Work request ->
Every line of the material that mentions the word "lambda" should be copied out.

⟨

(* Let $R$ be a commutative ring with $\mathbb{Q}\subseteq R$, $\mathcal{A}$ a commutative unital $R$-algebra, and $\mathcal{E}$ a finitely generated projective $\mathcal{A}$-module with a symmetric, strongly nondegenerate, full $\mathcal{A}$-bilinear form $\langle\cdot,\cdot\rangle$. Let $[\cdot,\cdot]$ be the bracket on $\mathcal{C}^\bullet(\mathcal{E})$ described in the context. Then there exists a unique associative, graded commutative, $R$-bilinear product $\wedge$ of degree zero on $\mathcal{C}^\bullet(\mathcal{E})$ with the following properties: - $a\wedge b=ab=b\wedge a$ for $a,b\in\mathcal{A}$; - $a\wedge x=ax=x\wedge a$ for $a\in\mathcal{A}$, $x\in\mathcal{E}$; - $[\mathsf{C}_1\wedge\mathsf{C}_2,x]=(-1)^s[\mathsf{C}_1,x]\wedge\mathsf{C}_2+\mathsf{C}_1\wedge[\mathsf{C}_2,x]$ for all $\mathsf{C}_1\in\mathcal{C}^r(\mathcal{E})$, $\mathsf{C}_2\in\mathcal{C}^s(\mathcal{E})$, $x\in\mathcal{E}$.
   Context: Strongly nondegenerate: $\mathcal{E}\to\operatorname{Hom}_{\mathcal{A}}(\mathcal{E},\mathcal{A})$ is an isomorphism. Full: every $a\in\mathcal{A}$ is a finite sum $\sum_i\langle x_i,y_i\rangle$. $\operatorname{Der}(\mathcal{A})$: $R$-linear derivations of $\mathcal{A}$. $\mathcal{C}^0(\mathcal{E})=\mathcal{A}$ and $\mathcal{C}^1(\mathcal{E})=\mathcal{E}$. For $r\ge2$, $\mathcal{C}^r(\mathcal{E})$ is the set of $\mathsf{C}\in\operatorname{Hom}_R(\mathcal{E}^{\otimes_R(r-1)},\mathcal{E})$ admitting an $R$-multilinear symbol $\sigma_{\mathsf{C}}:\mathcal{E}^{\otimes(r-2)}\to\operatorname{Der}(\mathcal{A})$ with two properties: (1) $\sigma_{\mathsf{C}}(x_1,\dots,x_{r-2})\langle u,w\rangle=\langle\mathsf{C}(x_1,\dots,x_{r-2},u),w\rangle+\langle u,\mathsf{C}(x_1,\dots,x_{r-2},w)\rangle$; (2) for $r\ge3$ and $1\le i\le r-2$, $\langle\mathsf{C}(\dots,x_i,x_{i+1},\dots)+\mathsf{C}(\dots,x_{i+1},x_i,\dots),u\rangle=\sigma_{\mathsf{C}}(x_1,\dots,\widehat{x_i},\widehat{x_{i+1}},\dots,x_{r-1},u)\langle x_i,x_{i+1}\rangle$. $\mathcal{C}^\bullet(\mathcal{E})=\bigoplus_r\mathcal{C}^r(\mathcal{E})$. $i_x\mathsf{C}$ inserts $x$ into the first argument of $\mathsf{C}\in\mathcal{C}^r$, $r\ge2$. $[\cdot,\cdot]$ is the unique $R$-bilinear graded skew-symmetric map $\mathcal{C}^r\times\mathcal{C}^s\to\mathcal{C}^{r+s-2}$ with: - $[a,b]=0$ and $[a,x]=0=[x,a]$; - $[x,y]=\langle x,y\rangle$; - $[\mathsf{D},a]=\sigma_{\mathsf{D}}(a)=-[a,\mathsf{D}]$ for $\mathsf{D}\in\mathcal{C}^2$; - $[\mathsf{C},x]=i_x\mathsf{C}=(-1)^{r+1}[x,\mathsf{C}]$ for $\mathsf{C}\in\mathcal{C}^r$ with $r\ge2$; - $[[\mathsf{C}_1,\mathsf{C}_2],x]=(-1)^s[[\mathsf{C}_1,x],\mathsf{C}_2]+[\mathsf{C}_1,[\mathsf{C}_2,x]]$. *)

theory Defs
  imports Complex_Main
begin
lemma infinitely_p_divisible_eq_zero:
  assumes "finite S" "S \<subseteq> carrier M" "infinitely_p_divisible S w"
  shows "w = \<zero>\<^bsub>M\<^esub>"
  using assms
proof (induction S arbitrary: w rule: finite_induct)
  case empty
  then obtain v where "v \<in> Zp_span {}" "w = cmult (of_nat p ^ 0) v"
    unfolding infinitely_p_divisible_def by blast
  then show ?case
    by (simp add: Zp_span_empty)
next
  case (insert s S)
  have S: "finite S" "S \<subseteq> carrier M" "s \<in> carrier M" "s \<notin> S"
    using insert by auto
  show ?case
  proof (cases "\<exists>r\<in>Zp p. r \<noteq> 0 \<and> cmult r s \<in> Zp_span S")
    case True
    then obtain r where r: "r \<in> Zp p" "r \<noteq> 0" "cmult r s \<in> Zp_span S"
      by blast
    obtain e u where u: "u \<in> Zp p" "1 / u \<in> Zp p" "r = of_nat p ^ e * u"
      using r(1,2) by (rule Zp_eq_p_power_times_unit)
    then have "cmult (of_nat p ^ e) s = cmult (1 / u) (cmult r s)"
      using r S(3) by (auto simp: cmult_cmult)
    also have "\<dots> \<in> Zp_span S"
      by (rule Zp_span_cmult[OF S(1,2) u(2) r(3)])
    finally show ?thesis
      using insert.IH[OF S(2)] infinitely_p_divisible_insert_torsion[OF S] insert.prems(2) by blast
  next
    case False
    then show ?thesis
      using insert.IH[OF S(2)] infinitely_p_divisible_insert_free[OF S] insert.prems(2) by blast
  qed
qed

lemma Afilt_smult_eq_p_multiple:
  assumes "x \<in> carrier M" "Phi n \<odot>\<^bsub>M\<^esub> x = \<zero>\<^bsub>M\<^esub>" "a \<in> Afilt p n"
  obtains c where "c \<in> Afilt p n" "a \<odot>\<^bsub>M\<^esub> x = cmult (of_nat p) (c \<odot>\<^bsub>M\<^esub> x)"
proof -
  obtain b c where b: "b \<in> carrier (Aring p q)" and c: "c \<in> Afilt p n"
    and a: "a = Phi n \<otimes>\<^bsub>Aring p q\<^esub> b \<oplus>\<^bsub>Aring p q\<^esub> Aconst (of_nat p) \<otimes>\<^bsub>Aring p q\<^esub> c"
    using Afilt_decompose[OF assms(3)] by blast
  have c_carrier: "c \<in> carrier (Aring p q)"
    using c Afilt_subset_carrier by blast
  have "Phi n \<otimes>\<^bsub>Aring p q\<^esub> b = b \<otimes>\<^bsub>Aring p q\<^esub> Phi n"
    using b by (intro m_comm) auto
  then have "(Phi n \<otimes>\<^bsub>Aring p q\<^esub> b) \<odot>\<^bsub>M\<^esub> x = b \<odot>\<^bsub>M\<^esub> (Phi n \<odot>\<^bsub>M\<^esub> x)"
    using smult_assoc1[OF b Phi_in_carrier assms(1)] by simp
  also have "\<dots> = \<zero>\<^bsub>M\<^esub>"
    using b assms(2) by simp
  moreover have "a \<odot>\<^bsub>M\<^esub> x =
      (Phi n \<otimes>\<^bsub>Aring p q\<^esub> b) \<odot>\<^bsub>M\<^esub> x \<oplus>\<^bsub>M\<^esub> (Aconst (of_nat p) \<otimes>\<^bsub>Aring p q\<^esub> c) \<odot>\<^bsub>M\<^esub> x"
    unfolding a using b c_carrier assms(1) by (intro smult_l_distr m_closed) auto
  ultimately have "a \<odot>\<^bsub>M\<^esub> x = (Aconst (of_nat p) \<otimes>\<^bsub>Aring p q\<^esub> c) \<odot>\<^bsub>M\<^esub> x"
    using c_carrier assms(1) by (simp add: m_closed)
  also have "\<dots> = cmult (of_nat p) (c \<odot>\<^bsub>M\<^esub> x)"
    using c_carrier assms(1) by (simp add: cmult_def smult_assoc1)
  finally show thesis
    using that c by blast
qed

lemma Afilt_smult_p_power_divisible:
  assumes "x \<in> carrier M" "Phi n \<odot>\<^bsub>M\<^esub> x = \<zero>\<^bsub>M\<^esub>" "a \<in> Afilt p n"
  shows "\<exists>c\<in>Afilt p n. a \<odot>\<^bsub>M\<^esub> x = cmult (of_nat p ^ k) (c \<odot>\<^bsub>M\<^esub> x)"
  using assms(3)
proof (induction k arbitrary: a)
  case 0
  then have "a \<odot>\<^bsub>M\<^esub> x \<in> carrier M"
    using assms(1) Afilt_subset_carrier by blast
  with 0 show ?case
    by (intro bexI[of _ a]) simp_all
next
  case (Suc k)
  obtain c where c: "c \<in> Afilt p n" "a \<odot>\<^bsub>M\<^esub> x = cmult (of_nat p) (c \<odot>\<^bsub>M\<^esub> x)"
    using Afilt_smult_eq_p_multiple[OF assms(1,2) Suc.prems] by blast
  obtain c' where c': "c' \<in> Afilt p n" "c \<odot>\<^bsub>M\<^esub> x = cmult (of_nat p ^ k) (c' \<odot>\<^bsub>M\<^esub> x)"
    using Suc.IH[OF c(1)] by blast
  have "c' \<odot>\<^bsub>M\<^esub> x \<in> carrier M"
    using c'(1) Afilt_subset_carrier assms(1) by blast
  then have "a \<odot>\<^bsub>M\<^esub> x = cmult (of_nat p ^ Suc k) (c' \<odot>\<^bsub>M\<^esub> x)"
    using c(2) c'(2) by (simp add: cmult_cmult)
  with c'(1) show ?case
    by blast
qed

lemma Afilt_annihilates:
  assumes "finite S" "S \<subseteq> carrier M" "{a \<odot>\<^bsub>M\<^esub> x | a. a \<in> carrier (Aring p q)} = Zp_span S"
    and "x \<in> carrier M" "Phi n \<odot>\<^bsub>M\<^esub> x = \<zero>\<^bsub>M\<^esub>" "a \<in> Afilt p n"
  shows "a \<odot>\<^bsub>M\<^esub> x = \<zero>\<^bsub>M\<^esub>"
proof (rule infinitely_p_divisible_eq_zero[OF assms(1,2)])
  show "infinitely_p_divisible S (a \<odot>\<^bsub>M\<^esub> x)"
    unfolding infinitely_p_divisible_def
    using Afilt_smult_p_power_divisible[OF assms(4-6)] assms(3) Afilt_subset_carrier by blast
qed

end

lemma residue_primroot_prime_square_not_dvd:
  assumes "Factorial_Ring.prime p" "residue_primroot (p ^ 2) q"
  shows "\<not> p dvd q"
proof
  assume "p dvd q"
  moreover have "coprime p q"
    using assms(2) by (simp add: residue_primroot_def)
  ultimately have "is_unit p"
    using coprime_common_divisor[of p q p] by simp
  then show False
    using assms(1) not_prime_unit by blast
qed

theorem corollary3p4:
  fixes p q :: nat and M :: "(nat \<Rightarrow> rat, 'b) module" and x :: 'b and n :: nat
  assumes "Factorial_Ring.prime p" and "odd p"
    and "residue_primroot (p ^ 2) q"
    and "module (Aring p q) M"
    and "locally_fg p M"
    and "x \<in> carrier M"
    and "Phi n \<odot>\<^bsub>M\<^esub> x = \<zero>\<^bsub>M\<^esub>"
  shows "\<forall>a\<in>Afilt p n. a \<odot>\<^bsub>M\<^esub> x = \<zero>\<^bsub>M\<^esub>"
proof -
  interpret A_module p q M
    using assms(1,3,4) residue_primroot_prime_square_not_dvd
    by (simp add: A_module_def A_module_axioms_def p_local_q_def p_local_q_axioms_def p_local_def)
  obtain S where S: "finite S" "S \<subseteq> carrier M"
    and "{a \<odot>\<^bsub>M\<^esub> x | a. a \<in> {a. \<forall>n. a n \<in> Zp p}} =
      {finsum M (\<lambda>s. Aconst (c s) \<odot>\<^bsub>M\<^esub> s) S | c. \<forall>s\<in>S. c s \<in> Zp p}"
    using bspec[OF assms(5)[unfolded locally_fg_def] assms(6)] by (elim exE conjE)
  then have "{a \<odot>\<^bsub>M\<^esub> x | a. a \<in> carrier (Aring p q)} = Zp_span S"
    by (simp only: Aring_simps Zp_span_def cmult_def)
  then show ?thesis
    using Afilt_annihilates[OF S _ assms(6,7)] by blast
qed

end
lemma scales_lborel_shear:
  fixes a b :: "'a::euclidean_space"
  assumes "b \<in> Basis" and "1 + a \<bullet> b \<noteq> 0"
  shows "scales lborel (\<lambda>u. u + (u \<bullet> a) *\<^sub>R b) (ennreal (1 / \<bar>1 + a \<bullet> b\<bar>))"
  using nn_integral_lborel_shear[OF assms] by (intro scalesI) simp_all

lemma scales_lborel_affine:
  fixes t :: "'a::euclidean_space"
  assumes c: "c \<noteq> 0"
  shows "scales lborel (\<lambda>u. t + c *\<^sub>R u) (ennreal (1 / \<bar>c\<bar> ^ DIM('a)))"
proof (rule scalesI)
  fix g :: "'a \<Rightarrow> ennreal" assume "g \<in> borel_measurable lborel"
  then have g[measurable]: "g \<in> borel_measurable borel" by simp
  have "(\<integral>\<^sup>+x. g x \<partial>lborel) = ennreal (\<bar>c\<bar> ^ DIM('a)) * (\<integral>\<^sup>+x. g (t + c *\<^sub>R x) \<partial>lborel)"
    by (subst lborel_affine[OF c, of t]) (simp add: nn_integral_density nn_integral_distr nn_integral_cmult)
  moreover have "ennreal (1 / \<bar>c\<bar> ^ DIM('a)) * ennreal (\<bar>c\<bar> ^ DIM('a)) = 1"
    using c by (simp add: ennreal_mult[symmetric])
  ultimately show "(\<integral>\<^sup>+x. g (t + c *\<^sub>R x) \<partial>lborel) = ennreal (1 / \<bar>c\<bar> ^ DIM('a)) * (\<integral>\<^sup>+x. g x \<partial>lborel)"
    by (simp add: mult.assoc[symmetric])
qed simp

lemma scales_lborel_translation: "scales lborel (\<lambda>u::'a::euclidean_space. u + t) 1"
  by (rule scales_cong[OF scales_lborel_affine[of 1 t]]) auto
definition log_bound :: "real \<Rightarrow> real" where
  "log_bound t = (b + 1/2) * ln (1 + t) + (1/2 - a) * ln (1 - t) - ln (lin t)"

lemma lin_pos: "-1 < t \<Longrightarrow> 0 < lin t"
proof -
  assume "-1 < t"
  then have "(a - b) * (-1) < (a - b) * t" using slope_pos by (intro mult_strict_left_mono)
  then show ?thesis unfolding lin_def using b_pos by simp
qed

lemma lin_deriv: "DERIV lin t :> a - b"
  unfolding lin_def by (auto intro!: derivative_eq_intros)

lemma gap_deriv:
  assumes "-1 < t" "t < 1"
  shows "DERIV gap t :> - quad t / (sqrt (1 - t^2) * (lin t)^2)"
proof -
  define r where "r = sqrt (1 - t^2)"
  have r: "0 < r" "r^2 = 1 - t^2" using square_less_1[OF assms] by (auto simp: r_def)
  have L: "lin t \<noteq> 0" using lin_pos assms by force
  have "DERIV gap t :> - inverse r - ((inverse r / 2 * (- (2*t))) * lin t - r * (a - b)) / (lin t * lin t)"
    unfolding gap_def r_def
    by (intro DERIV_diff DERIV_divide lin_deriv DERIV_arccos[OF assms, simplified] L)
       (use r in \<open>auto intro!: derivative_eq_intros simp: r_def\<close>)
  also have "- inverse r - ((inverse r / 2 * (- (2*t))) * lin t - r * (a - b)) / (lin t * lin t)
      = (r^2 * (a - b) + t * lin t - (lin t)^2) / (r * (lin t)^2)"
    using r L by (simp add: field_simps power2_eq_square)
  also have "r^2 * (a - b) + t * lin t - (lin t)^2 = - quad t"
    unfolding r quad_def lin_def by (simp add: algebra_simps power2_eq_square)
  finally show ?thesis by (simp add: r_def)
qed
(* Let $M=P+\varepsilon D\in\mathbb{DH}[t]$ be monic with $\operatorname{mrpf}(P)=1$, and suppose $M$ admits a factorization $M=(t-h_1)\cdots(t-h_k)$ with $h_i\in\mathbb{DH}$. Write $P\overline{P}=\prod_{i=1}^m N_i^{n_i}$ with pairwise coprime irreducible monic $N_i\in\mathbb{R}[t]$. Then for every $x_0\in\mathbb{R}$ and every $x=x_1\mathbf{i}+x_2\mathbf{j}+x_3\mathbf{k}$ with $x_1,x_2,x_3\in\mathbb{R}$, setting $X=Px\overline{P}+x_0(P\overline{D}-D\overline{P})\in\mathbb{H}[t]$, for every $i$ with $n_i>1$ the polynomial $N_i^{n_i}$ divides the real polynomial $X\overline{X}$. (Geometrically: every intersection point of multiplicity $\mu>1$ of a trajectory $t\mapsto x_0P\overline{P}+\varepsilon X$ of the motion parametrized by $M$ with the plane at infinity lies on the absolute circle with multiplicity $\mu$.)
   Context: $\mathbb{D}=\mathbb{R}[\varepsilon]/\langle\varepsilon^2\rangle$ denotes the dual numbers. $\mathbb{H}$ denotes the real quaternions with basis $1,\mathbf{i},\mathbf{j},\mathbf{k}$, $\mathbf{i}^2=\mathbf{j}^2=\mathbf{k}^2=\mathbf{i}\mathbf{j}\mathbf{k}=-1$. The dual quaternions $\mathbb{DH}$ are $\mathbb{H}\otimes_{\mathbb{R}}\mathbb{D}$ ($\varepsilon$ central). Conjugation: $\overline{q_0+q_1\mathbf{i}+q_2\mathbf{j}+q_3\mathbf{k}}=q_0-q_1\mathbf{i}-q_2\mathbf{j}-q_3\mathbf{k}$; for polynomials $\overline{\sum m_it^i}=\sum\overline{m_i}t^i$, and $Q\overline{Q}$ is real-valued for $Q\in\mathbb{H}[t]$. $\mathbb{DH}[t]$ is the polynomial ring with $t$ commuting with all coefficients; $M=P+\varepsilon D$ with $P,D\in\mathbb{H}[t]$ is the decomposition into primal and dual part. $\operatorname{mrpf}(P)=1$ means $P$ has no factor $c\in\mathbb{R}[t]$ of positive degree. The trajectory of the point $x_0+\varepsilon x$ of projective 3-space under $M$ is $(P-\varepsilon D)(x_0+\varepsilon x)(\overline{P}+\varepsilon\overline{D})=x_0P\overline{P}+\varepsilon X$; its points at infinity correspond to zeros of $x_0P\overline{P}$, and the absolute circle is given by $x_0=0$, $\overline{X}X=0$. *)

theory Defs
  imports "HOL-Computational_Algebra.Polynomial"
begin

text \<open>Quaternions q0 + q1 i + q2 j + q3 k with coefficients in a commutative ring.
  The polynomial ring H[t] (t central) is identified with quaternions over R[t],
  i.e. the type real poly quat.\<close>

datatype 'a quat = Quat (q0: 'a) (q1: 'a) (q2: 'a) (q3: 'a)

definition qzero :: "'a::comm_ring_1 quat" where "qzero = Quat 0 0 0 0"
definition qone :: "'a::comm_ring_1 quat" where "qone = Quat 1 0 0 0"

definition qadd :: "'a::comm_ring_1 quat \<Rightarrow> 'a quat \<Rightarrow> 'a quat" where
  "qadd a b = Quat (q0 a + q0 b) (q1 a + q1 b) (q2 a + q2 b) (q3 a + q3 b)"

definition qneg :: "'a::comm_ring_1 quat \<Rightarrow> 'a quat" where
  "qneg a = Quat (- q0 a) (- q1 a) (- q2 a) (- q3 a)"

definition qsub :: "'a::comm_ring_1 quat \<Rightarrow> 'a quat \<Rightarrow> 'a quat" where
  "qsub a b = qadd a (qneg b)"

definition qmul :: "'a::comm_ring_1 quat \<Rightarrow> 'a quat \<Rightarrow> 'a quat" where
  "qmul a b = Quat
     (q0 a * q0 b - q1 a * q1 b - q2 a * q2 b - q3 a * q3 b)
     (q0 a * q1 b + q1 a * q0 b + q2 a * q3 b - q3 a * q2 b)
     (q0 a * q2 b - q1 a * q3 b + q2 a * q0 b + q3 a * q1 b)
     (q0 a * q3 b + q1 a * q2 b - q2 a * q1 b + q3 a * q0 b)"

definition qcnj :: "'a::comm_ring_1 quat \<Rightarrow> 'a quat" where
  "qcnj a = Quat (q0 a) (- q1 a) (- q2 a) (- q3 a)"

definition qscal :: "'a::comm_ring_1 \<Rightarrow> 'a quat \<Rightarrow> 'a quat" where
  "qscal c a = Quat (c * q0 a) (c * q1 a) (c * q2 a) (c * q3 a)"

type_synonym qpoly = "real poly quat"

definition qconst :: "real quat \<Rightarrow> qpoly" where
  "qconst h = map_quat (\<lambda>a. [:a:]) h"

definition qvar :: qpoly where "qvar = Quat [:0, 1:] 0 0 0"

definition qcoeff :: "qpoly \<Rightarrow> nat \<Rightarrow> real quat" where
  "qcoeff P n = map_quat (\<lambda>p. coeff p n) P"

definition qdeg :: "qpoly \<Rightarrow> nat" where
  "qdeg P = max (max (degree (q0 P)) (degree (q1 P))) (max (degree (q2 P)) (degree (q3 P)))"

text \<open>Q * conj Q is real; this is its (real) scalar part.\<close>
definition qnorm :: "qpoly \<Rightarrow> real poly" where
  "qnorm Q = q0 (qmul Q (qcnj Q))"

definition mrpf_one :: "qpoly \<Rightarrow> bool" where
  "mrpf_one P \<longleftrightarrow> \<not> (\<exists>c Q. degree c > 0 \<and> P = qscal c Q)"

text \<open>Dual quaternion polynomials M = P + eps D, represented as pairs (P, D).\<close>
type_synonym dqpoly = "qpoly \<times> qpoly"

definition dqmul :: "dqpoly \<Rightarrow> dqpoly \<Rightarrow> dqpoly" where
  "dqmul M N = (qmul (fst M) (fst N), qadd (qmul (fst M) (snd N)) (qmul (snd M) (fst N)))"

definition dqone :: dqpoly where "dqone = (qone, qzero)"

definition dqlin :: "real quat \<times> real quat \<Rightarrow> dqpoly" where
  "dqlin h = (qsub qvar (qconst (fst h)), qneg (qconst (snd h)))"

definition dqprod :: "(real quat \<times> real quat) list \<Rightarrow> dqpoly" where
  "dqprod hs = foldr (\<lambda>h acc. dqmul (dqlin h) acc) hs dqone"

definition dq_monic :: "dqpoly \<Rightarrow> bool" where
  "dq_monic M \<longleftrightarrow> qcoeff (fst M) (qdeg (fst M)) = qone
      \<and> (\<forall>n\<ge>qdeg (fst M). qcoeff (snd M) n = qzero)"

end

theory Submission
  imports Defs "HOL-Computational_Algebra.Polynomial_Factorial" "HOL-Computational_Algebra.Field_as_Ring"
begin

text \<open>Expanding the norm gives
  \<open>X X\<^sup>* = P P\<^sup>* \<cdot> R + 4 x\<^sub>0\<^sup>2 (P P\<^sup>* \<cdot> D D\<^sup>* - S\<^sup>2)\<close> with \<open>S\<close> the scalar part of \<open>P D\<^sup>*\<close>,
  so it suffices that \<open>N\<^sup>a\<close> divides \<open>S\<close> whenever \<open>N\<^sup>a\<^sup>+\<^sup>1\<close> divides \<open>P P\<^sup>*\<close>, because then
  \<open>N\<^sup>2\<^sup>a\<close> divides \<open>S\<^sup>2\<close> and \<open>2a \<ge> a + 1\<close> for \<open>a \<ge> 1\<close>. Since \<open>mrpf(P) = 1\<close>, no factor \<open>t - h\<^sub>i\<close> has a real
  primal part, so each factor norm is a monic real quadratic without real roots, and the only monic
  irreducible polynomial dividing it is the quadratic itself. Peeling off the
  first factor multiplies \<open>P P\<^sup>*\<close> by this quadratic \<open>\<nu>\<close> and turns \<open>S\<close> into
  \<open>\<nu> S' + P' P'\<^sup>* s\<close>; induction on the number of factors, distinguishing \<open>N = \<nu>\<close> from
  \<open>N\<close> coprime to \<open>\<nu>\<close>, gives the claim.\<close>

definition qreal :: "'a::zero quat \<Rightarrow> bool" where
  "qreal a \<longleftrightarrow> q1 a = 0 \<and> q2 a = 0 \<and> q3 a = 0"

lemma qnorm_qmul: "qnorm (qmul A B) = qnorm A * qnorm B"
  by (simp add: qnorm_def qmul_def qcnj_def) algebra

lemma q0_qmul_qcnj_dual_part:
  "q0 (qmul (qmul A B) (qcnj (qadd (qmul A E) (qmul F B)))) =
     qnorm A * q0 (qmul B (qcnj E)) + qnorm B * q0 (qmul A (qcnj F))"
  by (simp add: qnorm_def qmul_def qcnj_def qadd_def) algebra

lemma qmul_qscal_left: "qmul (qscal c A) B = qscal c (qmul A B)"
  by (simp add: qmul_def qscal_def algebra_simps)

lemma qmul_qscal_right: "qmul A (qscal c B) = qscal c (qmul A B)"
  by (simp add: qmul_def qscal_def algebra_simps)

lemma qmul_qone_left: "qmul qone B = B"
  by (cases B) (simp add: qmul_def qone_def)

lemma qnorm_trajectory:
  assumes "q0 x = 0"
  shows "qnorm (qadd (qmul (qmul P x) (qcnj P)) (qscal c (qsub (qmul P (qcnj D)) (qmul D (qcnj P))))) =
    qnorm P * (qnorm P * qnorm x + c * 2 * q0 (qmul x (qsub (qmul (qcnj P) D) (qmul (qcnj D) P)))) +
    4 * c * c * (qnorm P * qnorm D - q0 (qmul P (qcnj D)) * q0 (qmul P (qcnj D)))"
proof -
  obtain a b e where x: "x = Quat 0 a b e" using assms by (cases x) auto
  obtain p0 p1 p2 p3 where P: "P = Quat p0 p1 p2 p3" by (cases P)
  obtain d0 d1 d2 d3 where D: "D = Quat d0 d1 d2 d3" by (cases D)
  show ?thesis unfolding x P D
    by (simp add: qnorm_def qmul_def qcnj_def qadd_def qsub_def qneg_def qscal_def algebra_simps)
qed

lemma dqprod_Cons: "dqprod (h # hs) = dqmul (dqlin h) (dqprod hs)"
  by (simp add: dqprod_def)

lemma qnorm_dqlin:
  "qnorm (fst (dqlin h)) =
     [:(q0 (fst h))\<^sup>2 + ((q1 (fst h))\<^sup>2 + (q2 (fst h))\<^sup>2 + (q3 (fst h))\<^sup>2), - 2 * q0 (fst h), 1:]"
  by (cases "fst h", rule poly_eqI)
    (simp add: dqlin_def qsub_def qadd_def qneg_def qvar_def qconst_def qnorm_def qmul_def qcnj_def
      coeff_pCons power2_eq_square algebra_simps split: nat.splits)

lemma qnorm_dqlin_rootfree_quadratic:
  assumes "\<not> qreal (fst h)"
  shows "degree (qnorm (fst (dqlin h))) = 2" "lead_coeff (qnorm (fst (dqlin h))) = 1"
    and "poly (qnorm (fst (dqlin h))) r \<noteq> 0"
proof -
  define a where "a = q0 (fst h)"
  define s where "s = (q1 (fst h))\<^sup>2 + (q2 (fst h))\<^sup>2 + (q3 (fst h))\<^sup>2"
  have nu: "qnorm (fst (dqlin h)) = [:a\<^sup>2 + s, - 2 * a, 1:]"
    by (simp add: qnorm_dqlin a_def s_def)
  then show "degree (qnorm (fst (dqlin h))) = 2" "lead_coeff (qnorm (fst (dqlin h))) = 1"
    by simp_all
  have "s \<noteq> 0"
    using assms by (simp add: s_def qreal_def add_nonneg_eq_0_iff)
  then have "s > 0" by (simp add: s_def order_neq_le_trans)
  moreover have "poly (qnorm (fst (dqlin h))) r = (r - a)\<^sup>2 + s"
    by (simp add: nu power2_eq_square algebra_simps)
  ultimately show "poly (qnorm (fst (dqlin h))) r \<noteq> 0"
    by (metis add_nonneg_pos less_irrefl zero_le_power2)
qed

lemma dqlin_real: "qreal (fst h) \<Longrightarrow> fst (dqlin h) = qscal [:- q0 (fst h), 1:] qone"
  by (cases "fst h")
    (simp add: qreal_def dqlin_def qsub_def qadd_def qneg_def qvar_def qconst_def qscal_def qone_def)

⟩

Output ->
      {finsum M (\<lambda>s. Aconst (c s) \<odot>\<^bsub>M\<^esub> s) S | c. \<forall>s\<in>S. c s \<in> Zp p}"
  shows "scales lborel (\<lambda>u. u + (u \<bullet> a) *\<^sub>R b) (ennreal (1 / \<bar>1 + a \<bullet> b\<bar>))"
  shows "scales lborel (\<lambda>u. t + c *\<^sub>R u) (ennreal (1 / \<bar>c\<bar> ^ DIM('a)))"
lemma scales_lborel_translation: "scales lborel (\<lambda>u::'a::euclidean_space. u + t) 1"
  "qconst h = map_quat (\<lambda>a. [:a:]) h"
  "qcoeff P n = map_quat (\<lambda>p. coeff p n) P"
  "dqprod hs = foldr (\<lambda>h acc. dqmul (dqlin h) acc) hs dqone"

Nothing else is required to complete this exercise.